7-3 If the Partner wishes to leverage the power of the eSIMAccess brand, they may use the brand assets logo only in a form and manner explicitly approved by eSIMAccess.

 

7-4 Any usage of the brand assets logo or any Trademark(s) by the Partner will benefit eSIMAccess. The Partner shall not acquire any rights, titles, or interest in those ass ets .

 

ARTICLE 8 – ASSIGNMENT – CHANGE OF CONTROL

 

Neither Party may in any way, directly or indirectly, transfer the Agreement, the rights arising from it or parts thereof, to third parties without prior writing approval of the other Party.

 

Either Party shall be entitled to terminate the Agreement by notice in writing if there is a change of Control of the other Party, without being liable to indemnify each other or to award any form of compensation whatsoever to anyone.

 

eSIMAccess or the Partner shall inform each other of any change of Control in a timely manner and no later than fifteen (15) business says after such change of Control is legally achieved.  

 

ARTICLE 9 – MISCELLANEOUS

 

9-1 – Independent contractor : The Partner is an independent contractor and has no authority to enter into any binding contract or obligation, or to make any representations or warranties on eSIMAccess’s behalf.

 

9-2 – No waiver : Failure by either Party to exercise any right set forth in the Agreement does not constitute a waiver of that right.

 

9-3 – Amendments : The Agreement may not be amended, rescinded or cancelled in whole or in part, except in writing signed by the Parties.

 

9-4 – Entire Agreement : The Agreement constitutes the entire agreement between the Parties and supersedes all prior agreements, understandings and arrangements between them and representations by them whether oral or written which relate to the subject matter of the Agreement.

 

9-5 – Severability : If, for any reason whatsoever, one or more of the clauses of the Agreement cannot be implemented or is declared void by a definitive legal decision, all the other clauses would remain valid and would have legal force between the Parties, provided, however, that this does not infringe the fundamental clauses of the Agreement, in the absence of which the Parties would not have contracted.

 

ARTICLE 10 – NOTICES

 

For the performance of the Agreement, the registered office of the Parties is located to the address mentioned at the head of the Agreement.

 

Each Party undertake to notify to the other Party any transfer of their registered office.

 

ARTICLE 11 – PERSONAL DATA

 

Partner shall be responsible for obtaining all necessary consents, and providing all necessary notices, as required under all governing laws of HongKong and the counties where Partner located in respect of the Personal Data.

 

Partner shall ensure that all of its employees are informed of the confidential nature of the Personal Data and are bound by written confidentiality obligations and use restrictions in respect of the Personal Data.

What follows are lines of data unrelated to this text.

(* Let $K\ge2$, $\varepsilon>0$, $\gamma=\gamma(\mu^* )\in\mathcal{P}^\varepsilon(K)$, $\eta\ge0$ and $\varepsilon_\pi\in[0,1]$. For $o\in\mathbb{R}^K_{>0}$ define $$\pi^{\varepsilon_\pi}_k(o)=(1-\varepsilon_\pi)\frac{\gamma_ko_k^{-\eta}}{\sum_{\ell}\gamma_\ell o_\ell^{-\eta}}+\varepsilon_\pi\gamma_k.$$ Then $\mathbf 1=(1,\dots,1)$ is a globally asymptotically stable equilibrium of the system $\dot o_k(t)=\dfrac{\pi^{\varepsilon_\pi}_k(o(t))}{\gamma_k}-o_k(t)$, $k=1,\dots,K$.
   Context: $\mathcal{P}^\varepsilon(K)$ is the set of probability vectors on $\{1,\dots,K\}$ with entries $\ge\varepsilon$. For $\dot z=h(z)$ with solutions $z(t;z_0,t_0)$, an equilibrium $z^*$ is globally asymptotically stable if (1) for each $\eta'>0$ there is $\delta>0$ independent of $t_0$ with $|z_0-z^*|<\delta\Rightarrow|z(t;z_0,t_0)-z^*|<\eta'$ for all $t\ge t_0\ge 0$, and (2) for all $\eta',\rho>0$ there is $T<\infty$ independent of $t_0$ with $|z(t;z_0,t_0)-z^*|<\eta'$ for $t\ge t_0+T$ whenever $|z_0-z^*|<\rho$. *)

theory Defs
  imports "HOL-Analysis.Analysis"
begin

definition prob_eps :: "real \<Rightarrow> (real ^ 'k::finite) set" where
  "prob_eps eps = {g. (\<forall>k. g $ k \<ge> eps) \<and> (\<Sum>k\<in>UNIV. g $ k) = 1}"

definition pi_eps :: "real ^ 'k::finite \<Rightarrow> real \<Rightarrow> real \<Rightarrow> real ^ 'k \<Rightarrow> real ^ 'k" where
  "pi_eps g eta epi x = (\<chi> k. (1 - epi) * (g $ k * (x $ k) powr (- eta))
        / (\<Sum>l\<in>UNIV. g $ l * (x $ l) powr (- eta)) + epi * g $ k)"

definition field :: "real ^ 'k::finite \<Rightarrow> real \<Rightarrow> real \<Rightarrow> real ^ 'k \<Rightarrow> real ^ 'k" where
  "field g eta epi x = (\<chi> k. pi_eps g eta epi x $ k / g $ k - x $ k)"

definition is_solution ::
  "('a::real_normed_vector \<Rightarrow> 'a) \<Rightarrow> 'a set \<Rightarrow> (real \<Rightarrow> 'a) \<Rightarrow> real \<Rightarrow> 'a \<Rightarrow> bool" where
  "is_solution h D z t0 z0 \<longleftrightarrow> z t0 = z0 \<and>
     (\<forall>t\<ge>t0. z t \<in> D \<and> (z has_vector_derivative h (z t)) (at t within {t0..}))"

definition glob_asymp_stable ::
  "('a::real_normed_vector \<Rightarrow> 'a) \<Rightarrow> 'a set \<Rightarrow> 'a \<Rightarrow> bool" where
  "glob_asymp_stable h D zs \<longleftrightarrow> zs \<in> D \<and> h zs = 0 \<and>
     (\<forall>e>0. \<exists>d>0. \<forall>t0\<ge>0. \<forall>z0\<in>D. \<forall>z. is_solution h D z t0 z0 \<and> norm (z0 - zs) < d
          \<longrightarrow> (\<forall>t\<ge>t0. norm (z t - zs) < e)) \<and>
     (\<forall>e>0. \<forall>\<rho>>0. \<exists>T. \<forall>t0\<ge>0. \<forall>z0\<in>D. \<forall>z. is_solution h D z t0 z0 \<and> norm (z0 - zs) < \<rho>
          \<longrightarrow> (\<forall>t\<ge>t0 + T. norm (z t - zs) < e))"

end

theory Submission imports Defs begin

(* With r_k(o) = o_k^(-eta) / (sum_l gamma_l o_l^(-eta)) the system reads
   o_k' = (1 - eps_pi) (r_k(o) - 1) + 1 - o_k.  At a largest coordinate r_k <= 1, at a smallest
   r_k >= 1, so each of the 2K functions +-(o_k(t) - 1) e^t has nonpositive derivative whenever it
   is maximal among them.  A maximum principle for finite families shows that their maximum,
   e^t times the sup-distance from o(t) to 1, never exceeds its initial value.  Hence solutions
   approach 1 at exponential rate 1, uniformly in the initial time, which gives both stability
   conditions. *)

lemma le_at_right_end_if_le_before:
  fixes f :: "real \<Rightarrow> real"
  assumes "continuous (at s within {a..}) f" "a < s" "\<And>y. a < y \<Longrightarrow> y < s \<Longrightarrow> f y \<le> C"
  shows "f s \<le> C"
proof -
  have "(f \<longlongrightarrow> f s) (at s within {a..s})"
    using assms(1) unfolding continuous_within by (rule tendsto_within_subset) auto
  then have "(f \<longlongrightarrow> f s) (at_left s)"
    by (simp add: at_within_Icc_at_left[OF \<open>a < s\<close>])
  moreover have "eventually (\<lambda>y. f y \<le> C) (at_left s)"
    unfolding eventually_at_left_field using assms(2,3) by blast
  ultimately show ?thesis by (rule tendsto_upperbound) simp
qed

lemma eventually_le_at_right_if_derivative_neg:
  fixes f :: "real \<Rightarrow> real"
  assumes der: "(f has_real_derivative D) (at s within {a..})" and "a \<le> s" "f s \<le> C"
    and neg: "f s = C \<Longrightarrow> D < 0"
  shows "eventually (\<lambda>y. f y \<le> C) (at_right s)"
proof (cases "f s < C")
  case True
  have "(f \<longlongrightarrow> f s) (at_right s)"
    using DERIV_continuous[OF der] unfolding continuous_within
    by (rule tendsto_within_subset) (use \<open>a \<le> s\<close> in auto)
  from order_tendstoD(2)[OF this True] show ?thesis by (rule eventually_mono) simp
next
  case False
  with \<open>f s \<le> C\<close> neg have "D < 0" by simp
  from has_real_derivative_neg_dec_right[OF der this]
  obtain d where "d > 0" and dec: "\<forall>h>0. s + h \<in> {a..} \<longrightarrow> h < d \<longrightarrow> f (s + h) < f s"
    by blast
  have "f y \<le> C" if "s < y" "y < s + d" for y
    using dec[rule_format, of "y - s"] that \<open>a \<le> s\<close> \<open>f s \<le> C\<close> by auto
  then show ?thesis unfolding eventually_at_right_field using \<open>d > 0\<close> by (auto intro!: exI[of _ "s + d"])
qed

Partner will, upon becoming aware of any (a) unauthorised access or processing of Personal Data, (b) accidental or unlawful destruction, loss or alteration of Personal Data, notify Company in writing without undue delay.

 

Partner shall either delete or return all Personal Data and existing copies to eSIMAccess at the end of the Agreement.

 

ARTICLE 12 – APPLICABLE LAW AND JURISDICTION

 

The Agreement is subject to laws of HongKong notwithstanding any conflict-of-laws rules.

 

Any dispute arising out of or in connection with this Agreement, including any question regarding its existence, validity, or termination, shall be referred to and finally resolved by arbitration administered by the Hong Kong International Arbitration Centre  (“HKIAC”)  in accordance with the Arbitration Rules of the Hong Kong International Arbitration Centre  (“HKIAC”)  for the time being in force, which rules are deemed to be incorporated by reference in this clause.  The language of the arbitration shall be English.

 

ARTICLE 13 – EFFECTIVE DATE OF THE AGREEMENT

 

This Agreement shall come into effect on the date the Partner formally accepts its terms and conditions. Continued service utilization implies ongoing acceptance and adherence to these terms and conditions.